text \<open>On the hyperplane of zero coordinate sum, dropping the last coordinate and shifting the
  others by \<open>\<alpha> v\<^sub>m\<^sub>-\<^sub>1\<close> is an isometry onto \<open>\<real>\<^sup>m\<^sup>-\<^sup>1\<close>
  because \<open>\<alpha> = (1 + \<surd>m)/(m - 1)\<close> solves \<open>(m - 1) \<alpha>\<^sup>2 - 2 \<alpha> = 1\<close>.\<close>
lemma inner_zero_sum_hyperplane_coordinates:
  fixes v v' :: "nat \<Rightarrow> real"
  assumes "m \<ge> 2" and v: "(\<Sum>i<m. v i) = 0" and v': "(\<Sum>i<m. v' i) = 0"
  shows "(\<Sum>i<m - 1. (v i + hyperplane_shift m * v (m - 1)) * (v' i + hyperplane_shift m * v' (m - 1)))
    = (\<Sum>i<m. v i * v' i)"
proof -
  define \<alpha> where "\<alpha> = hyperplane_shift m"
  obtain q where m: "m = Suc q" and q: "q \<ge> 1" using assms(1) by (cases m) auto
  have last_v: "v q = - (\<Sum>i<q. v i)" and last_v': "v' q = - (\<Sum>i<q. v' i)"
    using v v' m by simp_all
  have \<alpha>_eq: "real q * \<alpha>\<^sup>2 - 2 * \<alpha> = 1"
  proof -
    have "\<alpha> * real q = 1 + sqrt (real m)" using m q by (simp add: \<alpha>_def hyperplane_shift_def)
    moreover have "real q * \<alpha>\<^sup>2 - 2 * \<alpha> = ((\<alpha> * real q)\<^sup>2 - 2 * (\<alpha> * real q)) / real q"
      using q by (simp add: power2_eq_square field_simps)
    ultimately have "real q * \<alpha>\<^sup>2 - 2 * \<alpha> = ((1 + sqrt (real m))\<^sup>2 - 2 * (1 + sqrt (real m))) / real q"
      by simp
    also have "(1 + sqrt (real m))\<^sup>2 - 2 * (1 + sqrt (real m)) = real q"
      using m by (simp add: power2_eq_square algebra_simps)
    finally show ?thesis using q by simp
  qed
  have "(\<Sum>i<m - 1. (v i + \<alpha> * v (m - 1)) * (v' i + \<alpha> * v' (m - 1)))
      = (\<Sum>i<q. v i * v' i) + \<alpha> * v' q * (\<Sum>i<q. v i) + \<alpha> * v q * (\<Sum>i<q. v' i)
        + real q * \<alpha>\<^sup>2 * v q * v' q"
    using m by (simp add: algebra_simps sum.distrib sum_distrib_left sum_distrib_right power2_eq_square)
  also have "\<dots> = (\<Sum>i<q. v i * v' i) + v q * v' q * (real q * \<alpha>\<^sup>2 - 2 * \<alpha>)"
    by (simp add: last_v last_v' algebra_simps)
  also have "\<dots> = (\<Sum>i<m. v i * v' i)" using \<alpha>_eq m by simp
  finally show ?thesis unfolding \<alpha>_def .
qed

§

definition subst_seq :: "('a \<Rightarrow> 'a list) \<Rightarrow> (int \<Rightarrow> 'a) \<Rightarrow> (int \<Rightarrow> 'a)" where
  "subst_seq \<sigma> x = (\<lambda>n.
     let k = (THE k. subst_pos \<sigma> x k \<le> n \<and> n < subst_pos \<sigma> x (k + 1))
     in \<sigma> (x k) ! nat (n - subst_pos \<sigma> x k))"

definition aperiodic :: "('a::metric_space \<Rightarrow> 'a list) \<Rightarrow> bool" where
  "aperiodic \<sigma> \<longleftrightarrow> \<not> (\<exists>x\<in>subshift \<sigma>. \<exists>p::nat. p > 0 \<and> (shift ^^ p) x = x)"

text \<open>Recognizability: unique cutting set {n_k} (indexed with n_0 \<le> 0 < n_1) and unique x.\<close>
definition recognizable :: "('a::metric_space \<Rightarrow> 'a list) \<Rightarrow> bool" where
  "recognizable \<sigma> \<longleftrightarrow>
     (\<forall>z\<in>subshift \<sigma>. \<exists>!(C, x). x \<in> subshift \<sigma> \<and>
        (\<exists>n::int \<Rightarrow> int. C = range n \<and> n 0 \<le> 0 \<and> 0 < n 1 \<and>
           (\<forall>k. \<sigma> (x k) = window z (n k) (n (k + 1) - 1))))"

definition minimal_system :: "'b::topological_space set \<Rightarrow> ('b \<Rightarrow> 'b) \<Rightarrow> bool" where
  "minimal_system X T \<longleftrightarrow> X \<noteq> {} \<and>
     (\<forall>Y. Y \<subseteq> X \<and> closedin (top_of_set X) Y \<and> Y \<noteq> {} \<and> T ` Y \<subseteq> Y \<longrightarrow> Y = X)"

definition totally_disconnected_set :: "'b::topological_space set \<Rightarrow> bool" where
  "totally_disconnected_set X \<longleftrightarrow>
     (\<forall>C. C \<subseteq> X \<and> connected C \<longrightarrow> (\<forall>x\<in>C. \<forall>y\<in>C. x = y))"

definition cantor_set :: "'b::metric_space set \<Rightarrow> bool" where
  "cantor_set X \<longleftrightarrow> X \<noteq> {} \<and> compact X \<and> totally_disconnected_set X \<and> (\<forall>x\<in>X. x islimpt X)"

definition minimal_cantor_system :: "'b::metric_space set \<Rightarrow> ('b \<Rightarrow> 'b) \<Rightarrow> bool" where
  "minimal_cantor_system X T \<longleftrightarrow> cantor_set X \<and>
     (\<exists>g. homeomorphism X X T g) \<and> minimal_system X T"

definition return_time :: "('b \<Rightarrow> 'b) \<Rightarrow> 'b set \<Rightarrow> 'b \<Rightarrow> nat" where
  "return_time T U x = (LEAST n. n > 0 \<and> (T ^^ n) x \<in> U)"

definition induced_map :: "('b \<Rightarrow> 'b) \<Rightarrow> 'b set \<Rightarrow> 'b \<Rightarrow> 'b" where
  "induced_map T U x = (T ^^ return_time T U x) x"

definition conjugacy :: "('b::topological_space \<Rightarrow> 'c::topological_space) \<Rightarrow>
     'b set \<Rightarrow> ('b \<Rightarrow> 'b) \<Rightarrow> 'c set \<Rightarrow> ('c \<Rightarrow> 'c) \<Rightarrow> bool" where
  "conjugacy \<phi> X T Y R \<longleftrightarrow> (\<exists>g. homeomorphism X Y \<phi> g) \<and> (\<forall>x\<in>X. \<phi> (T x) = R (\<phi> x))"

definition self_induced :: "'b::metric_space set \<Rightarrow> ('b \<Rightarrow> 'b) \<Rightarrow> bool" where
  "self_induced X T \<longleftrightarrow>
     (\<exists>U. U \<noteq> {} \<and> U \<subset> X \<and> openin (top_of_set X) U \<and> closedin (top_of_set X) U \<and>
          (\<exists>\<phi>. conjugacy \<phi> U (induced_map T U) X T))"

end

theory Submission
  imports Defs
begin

§

* _Exercise requirements_: Among the entries above, the line containing "(\<forall>Y. Y \<subseteq>", the line containing "(LEAST n. n", and all lines between them are to be restated word for word; nothing else belongs in the reply.

* _Answer_:
     (\<forall>Y. Y \<subseteq> X \<and> closedin (top_of_set X) Y \<and> Y \<noteq> {} \<and> T ` Y \<subseteq> Y \<longrightarrow> Y = X)"

definition totally_disconnected_set :: "'b::topological_space set \<Rightarrow> bool" where
  "totally_disconnected_set X \<longleftrightarrow>
     (\<forall>C. C \<subseteq> X \<and> connected C \<longrightarrow> (\<forall>x\<in>C. \<forall>y\<in>C. x = y))"

definition cantor_set :: "'b::metric_space set \<Rightarrow> bool" where
  "cantor_set X \<longleftrightarrow> X \<noteq> {} \<and> compact X \<and> totally_disconnected_set X \<and> (\<forall>x\<in>X. x islimpt X)"

definition minimal_cantor_system :: "'b::metric_space set \<Rightarrow> ('b \<Rightarrow> 'b) \<Rightarrow> bool" where
  "minimal_cantor_system X T \<longleftrightarrow> cantor_set X \<and>
     (\<exists>g. homeomorphism X X T g) \<and> minimal_system X T"

definition return_time :: "('b \<Rightarrow> 'b) \<Rightarrow> 'b set \<Rightarrow> 'b \<Rightarrow> nat" where
  "return_time T U x = (LEAST n. n > 0 \<and> (T ^^ n) x \<in> U)"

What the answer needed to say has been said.